** EXERCISE MATERIAL follows **

lemma orthogonal_to_pairwise_orthogonal_basis:
  fixes S :: "'a::euclidean_space set"
  assumes S: "pairwise orthogonal S" "0 \<notin> S" "card S = DIM('a)"
    and w: "\<And>v. v \<in> S \<Longrightarrow> orthogonal w v"
  shows "w = 0"
proof (rule ccontr)
  assume "w \<noteq> 0"
  then have "w \<notin> S"
    using w orthogonal_self by blast
  have "finite S"
    using S(3) DIM_positive card_ge_0_finite by metis
  have "pairwise orthogonal (insert w S)"
    using S(1) w by (auto simp: pairwise_insert orthogonal_commute)
  then have "independent (insert w S)"
    using \<open>w \<noteq> 0\<close> S(2) pairwise_orthogonal_independent by blast
  then have "card (insert w S) \<le> DIM('a)"
    using independent_bound by blast
  with \<open>finite S\<close> \<open>w \<notin> S\<close> S(3) show False
    by simp
qed

lemma skew_square_eq_0_imp_eq_0:
  assumes skew: "transpose D = - D" and "D ** D = (0 :: real^'n^'n)"
  shows "D = 0"
proof -
  have "inner (D *v x) (D *v x) = 0" for x
  proof -
    have "inner (D *v x) (D *v x) = inner x (transpose D *v (D *v x))"
      by (rule inner_matrix_vector_mult)
    also have "\<dots> = - inner x ((D ** D) *v x)"
      by (simp add: skew matrix_vector_mul_assoc matrix_mul_uminus_left uminus_matrix_vector_mult)
    finally show ?thesis
      using assms by simp
  qed
  then show ?thesis
    by (simp add: matrix_eq)
qed

lemma symmetric_commuting_inner_eq_0:
  assumes sym: "transpose M = M" and A: "orthogonal_matrix A" "A ** A = - mat 1"
    and MA: "M ** A = A ** (M :: real^'n^'n)"
  shows "inner (M *v y) (A *v y) = 0"
proof -
  have A2: "A *v (A *v v) = - v" for v
    using A(2) by (simp add: matrix_vector_mul_assoc uminus_matrix_vector_mult)
  have "inner (M *v y) (A *v y) = inner y (A *v (M *v y))"
    using inner_matrix_vector_mult[of M y] sym by (simp add: matrix_vector_mul_assoc MA)
  also have "\<dots> = inner (A *v y) (A *v (A *v (M *v y)))"
    using orthogonal_matrix_inner[OF A(1)] by simp
  also have "\<dots> = - inner (M *v y) (A *v y)"
    by (simp add: A2 inner_commute)
  finally show ?thesis
    by simp
qed

section \<open>Orthogonal \<open>4 \<times> 4\<close> matrices satisfying the relations of \<open>D\<^sup>*\<^sub>8\<close>\<close>

locale quaternion_relations =
  fixes I J :: "real^4^4"
  assumes orthogonal_I: "orthogonal_matrix I" and orthogonal_J: "orthogonal_matrix J"
    and J_square: "J ** J = I ** I"
    and J_I: "J ** I = (I ** I) ** (I ** J)"
    and I_fourth: "(I ** I) ** (I ** I) = mat 1"
begin

lemma orthogonal_IJ: "orthogonal_matrix (I ** J)"
  using orthogonal_I orthogonal_J orthogonal_matrix_mul by blast

lemma frame_relations:
  assumes y: "I *v (I *v y) = - y"
  shows "J *v (J *v y) = - y" "J *v (I *v (J *v y)) = I *v y"
    "I *v (J *v (I *v (J *v y))) = - y"
proof -
  show J2: "J *v (J *v y) = - y"
    using y by (simp add: matrix_vector_mul_assoc J_square)
  have "J *v (I *v (J *v y)) = I *v (I *v (I *v (J *v (J *v y))))"
    by (simp add: matrix_vector_mul_assoc J_I matrix_mul_assoc)
  then show "J *v (I *v (J *v y)) = I *v y"
    using y J2 by (simp add: matrix_vector_mult_uminus)
  then show "I *v (J *v (I *v (J *v y))) = - y"
    using y by simp
qed

lemma frame_orthogonal:
  assumes y: "I *v (I *v y) = - y"
  shows "inner y (I *v y) = 0" "inner y (J *v y) = 0" "inner y (I *v (J *v y)) = 0"
    "inner (I *v y) (J *v y) = 0" "inner (I *v y) (I *v (J *v y)) = 0"
    "inner (J *v y) (I *v (J *v y)) = 0"
proof -
  note rel = frame_relations[OF y]
  show yI: "inner y (I *v y) = 0"
    using orthogonal_matrix_inner[OF orthogonal_I, of y "I *v y"] y by (simp add: inner_commute)
  show yJ: "inner y (J *v y) = 0"
    using orthogonal_matrix_inner[OF orthogonal_J, of y "J *v y"] rel(1) by (simp add: inner_commute)
  show yK: "inner y (I *v (J *v y)) = 0"
    using orthogonal_matrix_inner[OF orthogonal_IJ, of y "(I ** J) *v y"] rel(3)
    by (simp add: inner_commute flip: matrix_vector_mul_assoc)
  show "inner (I *v y) (J *v y) = 0"
    using orthogonal_matrix_inner[OF orthogonal_I, of "I *v y" "J *v y"] y yK by simp
  show "inner (I *v y) (I *v (J *v y)) = 0"
    using orthogonal_matrix_inner[OF orthogonal_I, of y "J *v y"] yJ by simp
  show "inner (J *v y) (I *v (J *v y)) = 0"
    using orthogonal_matrix_inner[OF orthogonal_J, of "J *v y" "I *v (J *v y)"] rel yI by simp
qed

lemma frame_orthogonal_eq_0:
  assumes y: "I *v (I *v y) = - y" "y \<noteq> 0"
    and w: "inner w y = 0" "inner w (I *v y) = 0" "inner w (J *v y) = 0"
      "inner w (I *v (J *v y)) = 0"
  shows "w = 0"
proof (rule orthogonal_to_pairwise_orthogonal_basis)
  let ?S = "{y, I *v y, J *v y, I *v (J *v y)}"
  note orth = frame_orthogonal[OF y(1)]
  show "pairwise orthogonal ?S"
    using orth by (auto simp: pairwise_insert orthogonal_def inner_commute)
  have nz: "I *v y \<noteq> 0" "J *v y \<noteq> 0" "I *v (J *v y) \<noteq> 0"
    using orthogonal_matrix_inner[OF orthogonal_I, of y y]
      orthogonal_matrix_inner[OF orthogonal_J, of y y]
      orthogonal_matrix_inner[OF orthogonal_IJ, of y y] y(2)
    by (auto simp flip: matrix_vector_mul_assoc)
  then show "0 \<notin> ?S"
    using y(2) by auto
  have distinct: "x \<noteq> x'" if "inner x x' = 0" "x \<noteq> 0" for x x' :: "real^4"
    using that by auto
  show "card ?S = DIM(real^4)"
    using distinct[OF orth(1) y(2)] distinct[OF orth(2) y(2)] distinct[OF orth(3) y(2)]
      distinct[OF orth(4) nz(1)] distinct[OF orth(5) nz(1)] distinct[OF orth(6) nz(2)]
    by simp
  show "orthogonal w v" if "v \<in> ?S" for v
    using that w by (auto simp: orthogonal_def)
qed

lemma frame_eigenvectors:
  assumes y: "I *v (I *v y) = - y"
  shows "I *v (I *v (I *v y)) = - (I *v y)" "I *v (I *v (J *v y)) = - (J *v y)"
    "I *v (I *v (I *v (J *v y))) = - (I *v (J *v y))"
proof -
  show "I *v (I *v (I *v y)) = - (I *v y)"
    using y by (simp add: matrix_vector_mult_uminus)
  have "I *v (I *v (J *v y)) = (J ** J) *v (J *v y)"
    by (simp add: J_square flip: matrix_vector_mul_assoc)
  then show "I *v (I *v (J *v y)) = - (J *v y)"
    using frame_relations(1)[OF y] by (simp add: matrix_vector_mult_uminus flip: matrix_vector_mul_assoc)
  then show "I *v (I *v (I *v (J *v y))) = - (I *v (J *v y))"
    by (simp add: matrix_vector_mult_uminus)
qed

lemma I_square_eq_neg_mat_1:
  assumes "I ** I \<noteq> mat 1"
  shows "I ** I = - mat 1"
proof -
  obtain w where w: "I *v (I *v w) \<noteq> w"
    using assms by (auto simp: matrix_eq simp flip: matrix_vector_mul_assoc)
  define y where "y = w - I *v (I *v w)"
  have I4: "I *v (I *v (I *v (I *v v))) = v" for v
    using I_fourth by (simp add: matrix_vector_mul_assoc matrix_mul_assoc)
  have y: "I *v (I *v y) = - y" "y \<noteq> 0"
    using w I4[of w] by (simp_all add: y_def matrix_vector_mult_diff_distrib)
  \<comment> \<open>\<open>I\<^sup>2 + 1\<close> maps into the \<open>(+1)\<close>-eigenspace of the orthogonal involution \<open>I\<^sup>2\<close>,
    which is orthogonal to the frame of \<open>y\<close>.\<close>
  have perp: "inner (I *v (I *v v) + v) u = 0" if u: "I *v (I *v u) = - u" for u v
  proof -
    have "inner (I *v (I *v v)) u = - inner (I *v (I *v v)) (I *v (I *v u))"
      using u by simp
    also have "\<dots> = - inner v u"
      using orthogonal_matrix_inner[OF orthogonal_I] by simp
    finally show ?thesis
      by (simp add: inner_add_left)
  qed
  have "I *v (I *v v) + v = 0" for v
    using frame_eigenvectors[OF y(1)]
    by (intro frame_orthogonal_eq_0[OF y] perp) (simp_all add: y(1))
  then show ?thesis
    by (simp add: matrix_eq eq_neg_iff_add_eq_0 uminus_matrix_vector_mult flip: matrix_vector_mul_assoc)
qed

end

locale quaternion_pair = quaternion_relations +
  assumes I_square: "I ** I = - mat 1"
begin

lemma I_square_vector: "I *v (I *v v) = - v"
  using I_square by (simp add: matrix_vector_mul_assoc uminus_matrix_vector_mult)

lemma J_square_neg: "J ** J = - mat 1"
  using J_square I_square by simp

lemma IJ_square: "(I ** J) ** (I ** J) = - mat 1"
proof -
  have "(I ** J) ** (I ** J) = I ** ((J ** I) ** J)"
    by (simp add: matrix_mul_assoc)
  also have "\<dots> = ((I ** I) ** (I ** I)) ** (J ** J)"
    by (simp add: J_I matrix_mul_assoc)
  finally show ?thesis
    using I_fourth J_square_neg by simp
qed

lemma symmetric_commuting_eq_mat:
  assumes sym: "transpose M = M" and MI: "M ** I = I ** M" and MJ: "M ** J = J ** M"
  shows "\<exists>\<alpha>. M = mat \<alpha>"
proof -
  have Mv: "M *v (I *v v) = I *v (M *v v)" "M *v (J *v v) = J *v (M *v v)" for v
    by (simp_all add: matrix_vector_mul_assoc MI MJ)
  have M_inner: "inner (M *v x) z = inner x (M *v z)" for x z
    using inner_matrix_vector_mult[of M x z] sym by simp
  define y :: "real^4" where "y = axis 1 1"
  have y: "I *v (I *v y) = - y" "y \<noteq> 0"
    by (simp_all add: I_square_vector y_def)
  have MIJ: "M ** (I ** J) = (I ** J) ** M"
    by (metis MI MJ matrix_mul_assoc)
  have perp: "inner (M *v y) (I *v y) = 0" "inner (M *v y) (J *v y) = 0"
    "inner (M *v y) (I *v (J *v y)) = 0"
    using symmetric_commuting_inner_eq_0[OF sym orthogonal_I I_square MI]
      symmetric_commuting_inner_eq_0[OF sym orthogonal_J J_square_neg MJ]
      symmetric_commuting_inner_eq_0[OF sym orthogonal_IJ IJ_square MIJ]
    by (simp_all flip: matrix_vector_mul_assoc)
  define \<alpha> where "\<alpha> = inner (M *v y) y / inner y y"
  have "M *v y - \<alpha> *\<^sub>R y = 0"
    using perp frame_orthogonal[OF y(1)] y(2)
    by (intro frame_orthogonal_eq_0[OF y]) (simp_all add: \<alpha>_def inner_diff_left)
  then have "M *v y = \<alpha> *\<^sub>R y" "M *v (I *v y) = \<alpha> *\<^sub>R (I *v y)"
    "M *v (J *v y) = \<alpha> *\<^sub>R (J *v y)" "M *v (I *v (J *v y)) = \<alpha> *\<^sub>R (I *v (J *v y))"
    by (simp_all add: Mv matrix_vector_mult_scaleR)
  then have "M *v w - \<alpha> *\<^sub>R w = 0" for w
    by (intro frame_orthogonal_eq_0[OF y]) (simp_all add: inner_diff_left M_inner)
  then show ?thesis
    by (auto simp: matrix_eq mat_matrix_vector_mult)
qed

** End of EXERCISE MATERIAL **

Wherever a line holds the word "also", copy that line out of the entries above.

ANSWER TO THE PROBLEM:
    also have "\<dots> = - inner x ((D ** D) *v x)"
  also have "\<dots> = inner (A *v y) (A *v (A *v (M *v y)))"
  also have "\<dots> = - inner (M *v y) (A *v y)"
    also have "\<dots> = - inner v u"
  also have "\<dots> = ((I ** I) ** (I ** I)) ** (J ** J)"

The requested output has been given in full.